I might be calloused but I look back upon the legend and see that St. Valentine’s life and death had very little to do with romance and more to do with true love. In C.S. Lewis’ wonderful book entitled The Four Loves, he systematically introduces and explains the four different types of love expressed in the Greek and found in the New Testatment: storge - affection, love between family members; philia – friendship; eros – "being in love"/romantic love and agape – or charity which he describes as the love God has for us because it is not prompted. Wikipedia has a more in depth summary here - check it out!

I bring this up because
We can look at St. Valentine’s acts of service towards the young couples and his other priestly duties as philia, or even storge. We can look at his friendship with the emperor that way too, and with some imagination we can speculate that his affinity for the jailor’s daughter was romantic.

Ultimately however, what lead him to his death and inspired his life was agape – the love for God that taught him how to love his fellow man.

I didn’t intend to critique Valentine’s day as much as point out what we often miss about the life and death behind it. This is a martyr’s day after all. Jesus once said to his disciples – Greater love has no one but his, that a man should lay down his life for his friends. Which is precisely what Christ did and what inspired his followers, like Valentine, to be willing to do as well.

Judging by his actual life’s example, should St. Valentine’s Day be a day of sacrifice or entitlement?

In the lectionary today we had St. Paul’s famous summary on love found in 1st Corinthians 13

“Love is patient; love is kind; love is not envious or boastful or arrogant or rude.
It does not insist on its own way; it is not irritable or resentful; it does not rejoice in wrongdoing
but rejoices in truth.
It bears all things, believes all things, hopes all things, endures all things.
Love never ends.”

Before St. Paul started writing about love in chapter 13 he wrote - "And I will show you a still more excellent way" to introduce love. A more excellent way indeed that we we know or are used to.

Think about St. Paul's words in the context of St. Valentine. Did he resent being imprisoned or did he endure it? Did he despise the petty emperor that called on him frequently to talk yet depriving him of his liberty, or love him so much that he even dared to share the saving grace of God with him through the gospel of Christ? Did he get consistently irritated at his position in that stinking jail and resentful of his fellow prisoners and captors - or did he care to get to know them, even up to the jailor’s daughter – establishing a friendship and being kind enough to leave her a good by letter before he was executed – most likely to help comfort her?

The example we see in St. Valentine, we saw first in Christ. It does my heart well to be mindful of that, especially with Lent coming up this Wednesday.
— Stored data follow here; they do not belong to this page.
lemma degree_complete_bipartite_Inr:
  "degree {{Inl a, Inr b} | a b. a \<in> A \<and> b \<in> B} (Inr y) = (if y \<in> B then card A else 0)"
proof -
  have "{e \<in> {{Inl a, Inr b} | a b. a \<in> A \<and> b \<in> B}. Inr y \<in> e}
      = (\<lambda>a. {Inl a, Inr y}) ` (if y \<in> B then A else {})"
    by auto
  moreover have "inj_on (\<lambda>a. {Inl a, Inr y}) (if y \<in> B then A else {})"
    by (auto simp: inj_on_def doubleton_eq_iff)
  ultimately show ?thesis unfolding degree_def by (simp only: card_image) simp
qed

lemma vtjoin_E_eq:
  "vtjoin_E V1 E1 V2 E2 = (\<lambda>e. Inl ` e) ` total_E V1 E1 \<union> (\<lambda>e. Inr ` e) ` E2
     \<union> {{Inl a, Inr b} | a b. a \<in> Inl ` V1 \<and> b \<in> V2}"
  unfolding vtjoin_E_def by blast

lemma degree_vtjoin_E:
  assumes "simple_graph V1 E1" "simple_graph V2 E2"
  shows "degree (vtjoin_E V1 E1 V2 E2) (Inl x)
      = degree (total_E V1 E1) x + (if x \<in> Inl ` V1 then card V2 else 0)"
    and "degree (vtjoin_E V1 E1 V2 E2) (Inr w) = degree E2 w + (if w \<in> V2 then card V1 else 0)"
proof -
  let ?T = "(\<lambda>e. Inl ` e) ` total_E V1 E1 :: (('a + 'a set) + 'b) set set"
  let ?G = "(\<lambda>e. Inr ` e) ` E2 :: (('a + 'a set) + 'b) set set"
  let ?S = "{{Inl a, Inr b} | a b. a \<in> Inl ` V1 \<and> b \<in> V2}"
  have "finite (Inl ` V1)" "finite V2" using assms by (simp_all add: simple_graph_def)
  then have fin_S: "finite ?S" using finite_image_set2[of "\<lambda>a. a \<in> Inl ` V1" "\<lambda>b. b \<in> V2"] by simp
  have fin_T: "finite ?T" using finite_total_E[OF assms(1)] by simp
  have fin_G: "finite ?G" using simple_graph_finite_edges[OF assms(2)] by simp
  have split: "degree (vtjoin_E V1 E1 V2 E2) v = degree ?T v + degree ?G v + degree ?S v" for v
  proof -
    have "degree (?T \<union> ?G \<union> ?S) v = degree (?T \<union> ?G) v + degree ?S v"
      using fin_T fin_G fin_S by (intro degree_Un) auto
    also have "degree (?T \<union> ?G) v = degree ?T v + degree ?G v"
      using fin_T fin_G by (intro degree_Un) auto
    finally show ?thesis unfolding vtjoin_E_eq .
  qed
  show "degree (vtjoin_E V1 E1 V2 E2) (Inl x)
      = degree (total_E V1 E1) x + (if x \<in> Inl ` V1 then card V2 else 0)"
    unfolding split
    by (simp add: degree_image_inj degree_image_outside_range degree_complete_bipartite_Inl)
  show "degree (vtjoin_E V1 E1 V2 E2) (Inr w) = degree E2 w + (if w \<in> V2 then card V1 else 0)"
    unfolding split
    by (simp add: degree_image_inj degree_image_outside_range degree_complete_bipartite_Inr
        card_image[OF inj_Inl])
qed

lemma sum_shifted_degree_cubes:
  assumes "simple_graph V E"
  shows "(\<Sum>v\<in>V. (k * degree E v + c) ^ 3)
    = k ^ 3 * forgotten V E + 3 * k\<^sup>2 * c * M1 V E + 6 * k * c\<^sup>2 * card E + card V * c ^ 3"
proof -
  have "(\<Sum>v\<in>V. (k * degree E v + c) ^ 3) = (\<Sum>v\<in>V. k ^ 3 * degree E v ^ 3
      + 3 * k\<^sup>2 * c * degree E v ^ 2 + 3 * k * c\<^sup>2 * degree E v + c ^ 3)"
    by (intro sum.cong refl) (simp add: power3_eq_cube power2_eq_square algebra_simps)
  also have "\<dots> = k ^ 3 * forgotten V E + 3 * k\<^sup>2 * c * M1 V E
      + 3 * k * c\<^sup>2 * (\<Sum>v\<in>V. degree E v) + card V * c ^ 3"
    by (simp add: sum.distrib sum_distrib_left forgotten_def M1_def)
  finally show ?thesis by (simp add: handshake[OF assms])
qed

lemma sum_edge_degree_sum_cubes:
  assumes "simple_graph V E"
  shows "(\<Sum>e\<in>E. (\<Sum>u\<in>e. degree E u) ^ 3) = M4 V E + 3 * ReZM V E"
proof -
  have "(\<Sum>u\<in>e. degree E u) ^ 3
      = (\<Sum>u\<in>e. degree E u ^ 3) + 3 * ((\<Prod>u\<in>e. degree E u) * (\<Sum>u\<in>e. degree E u))"
    if "e \<in> E" for e
  proof -
    obtain a b where "a \<noteq> b" "e = {a, b}" using assms \<open>e \<in> E\<close> by (auto elim: simple_graph_edge)
    then show ?thesis by (simp add: power3_eq_cube algebra_simps)
  qed
  then have "(\<Sum>e\<in>E. (\<Sum>u\<in>e. degree E u) ^ 3)
      = (\<Sum>e\<in>E. \<Sum>u\<in>e. degree E u ^ 3) + 3 * ReZM V E"
    by (simp add: sum.distrib sum_distrib_left ReZM_def)
  also have "(\<Sum>e\<in>E. \<Sum>u\<in>e. degree E u ^ 3) = (\<Sum>v\<in>V. degree E v * degree E v ^ 3)"
    using assms simple_graph_finite_edges[OF assms] simple_graph_edge_subset[OF assms]
    by (intro sum_edges_sum_vertices) (auto simp: simple_graph_def)
  also have "\<dots> = M4 V E" by (simp add: M4_def power_eq_if)
  finally show ?thesis .
qed

lemma forgotten_vtjoin:
  assumes "simple_graph V1 E1" "simple_graph V2 E2"
  shows "forgotten (vtjoin_V V1 E1 V2 E2) (vtjoin_E V1 E1 V2 E2)
    = (\<Sum>v\<in>V1. (2 * degree E1 v + card V2) ^ 3) + (\<Sum>e\<in>E1. (\<Sum>u\<in>e. degree E1 u) ^ 3)
      + (\<Sum>w\<in>V2. (degree E2 w + card V1) ^ 3)"
proof -
  have fin: "finite V1" "finite E1" "finite V2"
    using assms simple_graph_finite_edges by (auto simp: simple_graph_def)
  have "vtjoin_V V1 E1 V2 E2 = (V1 <+> E1) <+> V2"
    by (simp add: vtjoin_V_def total_V_def Plus_def)
  then have "forgotten (vtjoin_V V1 E1 V2 E2) (vtjoin_E V1 E1 V2 E2)
    = (\<Sum>v\<in>V1. degree (vtjoin_E V1 E1 V2 E2) (Inl (Inl v)) ^ 3)
      + (\<Sum>e\<in>E1. degree (vtjoin_E V1 E1 V2 E2) (Inl (Inr e)) ^ 3)
      + (\<Sum>w\<in>V2. degree (vtjoin_E V1 E1 V2 E2) (Inr w) ^ 3)"
    using fin by (simp add: forgotten_def sum.Plus)
  also have "\<dots> = (\<Sum>v\<in>V1. (2 * degree E1 v + card V2) ^ 3)
      + (\<Sum>e\<in>E1. (\<Sum>u\<in>e. degree E1 u) ^ 3) + (\<Sum>w\<in>V2. (degree E2 w + card V1) ^ 3)"
    using assms by (simp add: degree_vtjoin_E degree_total_E_Inl degree_total_E_Inr image_iff)
  finally show ?thesis .
qed

theorem theorem7:
  fixes V1 :: "'a set" and E1 :: "'a set set" and V2 :: "'b set" and E2 :: "'b set set"
  assumes "simple_graph V1 E1" and "graph_connected V1 E1"
    and "simple_graph V2 E2" and "graph_connected V2 E2"
  shows "forgotten (vtjoin_V V1 E1 V2 E2) (vtjoin_E V1 E1 V2 E2)
    = 8 * forgotten V1 E1 + forgotten V2 E2 + 12 * card V2 * M1 V1 E1
      + 3 * card V1 * M1 V2 E2 + M4 V1 E1 + 3 * ReZM V1 E1
      + 12 * card E1 * card V2 ^ 2 + 6 * card E2 * card V1 ^ 2
      + card V1 * card V2 * (card V1 ^ 2 + card V2 ^ 2)"
proof -
  have "(\<Sum>v\<in>V1. (2 * degree E1 v + card V2) ^ 3) = 8 * forgotten V1 E1
      + 12 * card V2 * M1 V1 E1 + 12 * card E1 * card V2 ^ 2 + card V1 * card V2 ^ 3"
    using sum_shifted_degree_cubes[OF assms(1), of 2 "card V2"] by simp
  moreover have "(\<Sum>w\<in>V2. (degree E2 w + card V1) ^ 3) = forgotten V2 E2
      + 3 * card V1 * M1 V2 E2 + 6 * card E2 * card V1 ^ 2 + card V2 * card V1 ^ 3"
    using sum_shifted_degree_cubes[OF assms(3), of 1 "card V1"] by simp
  ultimately show ?thesis
    using forgotten_vtjoin[OF assms(1,3)] sum_edge_degree_sum_cubes[OF assms(1)]
    by (simp add: algebra_simps power2_eq_square power3_eq_cube)
qed

end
Yet, I feel that the negative feelings that latch on to people from this holiday have less to do with a lack of feeling romance or eros, and more with a lack of feeling agape. As my sister told me - as I am an ignorant man - its just good to have a day when someone does something for you just to declare you are special. I'd hate to give the typical Christianese answer "Insert God here, problem solved." We serve a God who looked at Adam and said, "it is not good for man to be alone." However, we should not be like the rest of the world that ultimately lives without hope, that makes romantic love a god in place of the God who made romance, and from whose charity all expressions of true love comes.
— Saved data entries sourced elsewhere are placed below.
(* The $\mathcal{C}$-submodules $\mathcal{C} \langle A \rangle$ and $\widehat{\mathfrak{H}^{0}}$ of $\mathfrak{H}$ are closed under the shuffle product $\mathrm{sh}_{\hbar}$. For any $u_{1}, \ldots , u_{r}, v_{1}, \ldots , v_{s} \in \mathfrak{z}$ and $M \ge 1$, \[ Z_{q, M}(u_{1} \cdots u_{r} \,\mathrm{sh}_{\hbar}\, v_{1} \cdots v_{s})= \sum_{\substack{0<m_{1}<\cdots <m_{r} \\ 0<n_{1}<\cdots <n_{s} \\ m_{r}+n_{s}<M}} \prod_{i=1}^{r}F_{q}(m_{i}; u_{i})\prod_{j=1}^{s}F_{q}(n_{j}; v_{j}) \] (with $m_r$, resp. $n_s$, read as $0$ if $r=0$, resp. $s=0$). Consequently $Z_{q}(w \,\mathrm{sh}_{\hbar}\, w')=Z_{q}(w)Z_{q}(w')$ for any $w, w' \in \widehat{\mathfrak{H}^{0}}$.
   Context: Let $\mathcal{C}=\mathbb{Q}[\hbar]$ ($\hbar$ formal), $\mathfrak{H}=\mathcal{C}\langle a,b\rangle$ the non-commutative polynomial ring. For $k\ge1$ put $g_k=ba^k$. Let $A=\{\hbar b\}\cup\{ba^k\mid k\ge1\}$, $\mathcal{C}\langle A\rangle$ the $\mathcal{C}$-subalgebra of $\mathfrak H$ generated by $1$ and $A$, $\mathfrak z$ the $\mathcal C$-span of $A$, $\widehat{\mathfrak H^0}=\mathcal C+\sum_{k\ge1}\mathcal C\langle A\rangle g_k$. Fix $q\in\mathbb{C}$, $0<|q|<1$; $\mathbb{C}$ is a $\mathcal{C}$-module with $\hbar$ acting by $1-q$; $[m]=(1-q^m)/(1-q)$; for $m\ge1$, $F_q(m;\cdot):\mathfrak{z}\to\mathbb{C}$ is $\mathcal{C}$-linear with $F_q(m;\hbar b)=1-q$, $F_q(m;g_k)=q^{km}/[m]^k$. For $M\ge1$, $Z_{q,M}:\mathcal C\langle A\rangle\to\mathbb C$ is the $\mathcal{C}$-linear map with $Z_{q,M}(1)=1$ and $Z_{q,M}(u_1\cdots u_r)=\sum_{0<m_1<\cdots<m_r<M}\prod_i F_q(m_i;u_i)$ for $u_i\in A$ (hence by multilinearity also for $u_i\in\mathfrak z$); $Z_q(w)=\lim_{M\to\infty}Z_{q,M}(w)$ for $w\in\widehat{\mathfrak H^0}$ (the limit exists). The shuffle product $\mathrm{sh}_\hbar$ on $\mathfrak H$ (written infix) is the $\mathcal C$-bilinear product determined by $w\,\mathrm{sh}_\hbar\,1=1\,\mathrm{sh}_\hbar\,w=w$, $wa\,\mathrm{sh}_\hbar\,w'a=(wa\,\mathrm{sh}_\hbar\,w'+w\,\mathrm{sh}_\hbar\,w'a+\hbar(w\,\mathrm{sh}_\hbar\,w'))a$, $wb\,\mathrm{sh}_\hbar\,w'=w\,\mathrm{sh}_\hbar\,w'b=(w\,\mathrm{sh}_\hbar\,w')b$ for all $w,w'\in\mathfrak H$. *)

theory Defs
  imports Complex_Main "HOL-Library.Poly_Mapping" "HOL-Computational_Algebra.Polynomial"
begin

datatype letter = La | Lb

type_synonym word = "letter list"
type_synonym H = "word \<Rightarrow>\<^sub>0 rat poly"

definition hbar :: "rat poly" where "hbar = [:0, 1:]"

definition scal :: "rat poly \<Rightarrow> H \<Rightarrow> H" where
  "scal c f = Poly_Mapping.map (\<lambda>x. c * x) f"

definition mapkeys :: "(word \<Rightarrow> word) \<Rightarrow> H \<Rightarrow> H" where
  "mapkeys g f = (\<Sum>v\<in>Poly_Mapping.keys f. Poly_Mapping.single (g v) (Poly_Mapping.lookup f v))"

definition oneH :: H where "oneH = Poly_Mapping.single [] 1"

definition cat :: "H \<Rightarrow> H \<Rightarrow> H" where
  "cat f g = (\<Sum>v\<in>Poly_Mapping.keys f. \<Sum>v'\<in>Poly_Mapping.keys g. Poly_Mapping.single (v @ v') (Poly_Mapping.lookup f v * Poly_Mapping.lookup g v'))"

definition prodH :: "H list \<Rightarrow> H" where
  "prodH us = foldr cat us oneH"

text \<open>Shuffle product on words, computed on reversed words (head = last letter).\<close>
fun shr :: "word \<Rightarrow> word \<Rightarrow> H" where
  "shr [] y = Poly_Mapping.single y 1"
| "shr x [] = Poly_Mapping.single x 1"
| "shr (Lb # x) y = mapkeys (Cons Lb) (shr x y)"
| "shr (La # x) (Lb # y) = mapkeys (Cons Lb) (shr (La # x) y)"
| "shr (La # x) (La # y) =
     mapkeys (Cons La) (shr (La # x) y + shr x (La # y) + scal hbar (shr x y))"

definition shw :: "word \<Rightarrow> word \<Rightarrow> H" where
  "shw v v' = mapkeys rev (shr (rev v) (rev v'))"

definition sh :: "H \<Rightarrow> H \<Rightarrow> H" where
  "sh f g = (\<Sum>v\<in>Poly_Mapping.keys f. \<Sum>v'\<in>Poly_Mapping.keys g. scal (Poly_Mapping.lookup f v * Poly_Mapping.lookup g v') (shw v v'))"

definition gen :: "nat \<Rightarrow> H" where
  "gen k = Poly_Mapping.single (Lb # replicate k La) 1"

definition hb :: H where "hb = Poly_Mapping.single [Lb] hbar"

definition Aset :: "H set" where
  "Aset = {hb} \<union> {gen k | k. k \<ge> 1}"

inductive_set zspace :: "H set" where
  z_zero: "0 \<in> zspace"
| z_step: "a \<in> Aset \<Longrightarrow> f \<in> zspace \<Longrightarrow> scal c a + f \<in> zspace"

inductive_set CA :: "H set" where
  CA_one: "oneH \<in> CA"
| CA_gen: "a \<in> Aset \<Longrightarrow> a \<in> CA"
| CA_add: "f \<in> CA \<Longrightarrow> g \<in> CA \<Longrightarrow> f + g \<in> CA"
| CA_scal: "f \<in> CA \<Longrightarrow> scal c f \<in> CA"
| CA_mult: "f \<in> CA \<Longrightarrow> g \<in> CA \<Longrightarrow> cat f g \<in> CA"

inductive_set H0hat :: "H set" where
  H0_const: "scal c oneH \<in> H0hat"
| H0_gk: "f \<in> CA \<Longrightarrow> k \<ge> 1 \<Longrightarrow> cat f (gen k) \<in> H0hat"
| H0_add: "f \<in> H0hat \<Longrightarrow> g \<in> H0hat \<Longrightarrow> f + g \<in> H0hat"

definition evC :: "complex \<Rightarrow> rat poly \<Rightarrow> complex" where
  "evC q c = poly (map_poly of_rat c) (1 - q)"

definition qint :: "complex \<Rightarrow> nat \<Rightarrow> complex" where
  "qint q m = (1 - q ^ m) / (1 - q)"

text \<open>Value attached to the block b a^k at index m. For k >= 1 this is F_q(m; g_k);
  for k = 0 (the word b) it is 1, so that hb = hbar * b gets the value (1 - q).\<close>
definition G :: "complex \<Rightarrow> nat \<Rightarrow> nat \<Rightarrow> complex" where
  "G q m k = (if k = 0 then 1 else q ^ (k * m) / (qint q m) ^ k)"

text \<open>Decomposition of a word as b a^k1 ... b a^kr.\<close>
function blocks :: "word \<Rightarrow> nat list option" where
  "blocks [] = Some []"
| "blocks (La # w) = None"
| "blocks (Lb # w) = map_option (Cons (length (takeWhile (\<lambda>c. c = La) w)))
                        (blocks (dropWhile (\<lambda>c. c = La) w))"
  by pat_completeness auto
termination
  by (relation "measure length") (auto simp: le_imp_less_Suc length_dropWhile_le)

definition Fw :: "complex \<Rightarrow> nat \<Rightarrow> word \<Rightarrow> complex" where
  "Fw q m w = (case blocks w of Some [k] \<Rightarrow> G q m k | _ \<Rightarrow> 0)"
All that to say that God is ultimately the model Augustine followed when he wrote that letter to the jailor's daughter. He let everyone from soldiers, newlyweds, emperors, criminals and jailors daughters know that they are someone special, and more importantly, God loves them and gave them the capacity to love him. Not the easiest cure for what ails us but it is the truth and the truth sets us free from a whole host of things.


Happy Valentine’s Day and
God bless! I hope the Lord helps me to love Him and you in a more meaningful and Christ-like way today and always.

1 comment:

  1. That was a great post. St. Valentine has more to do with agape than cutting out construction paper pink and red hearts, huh? Who knew?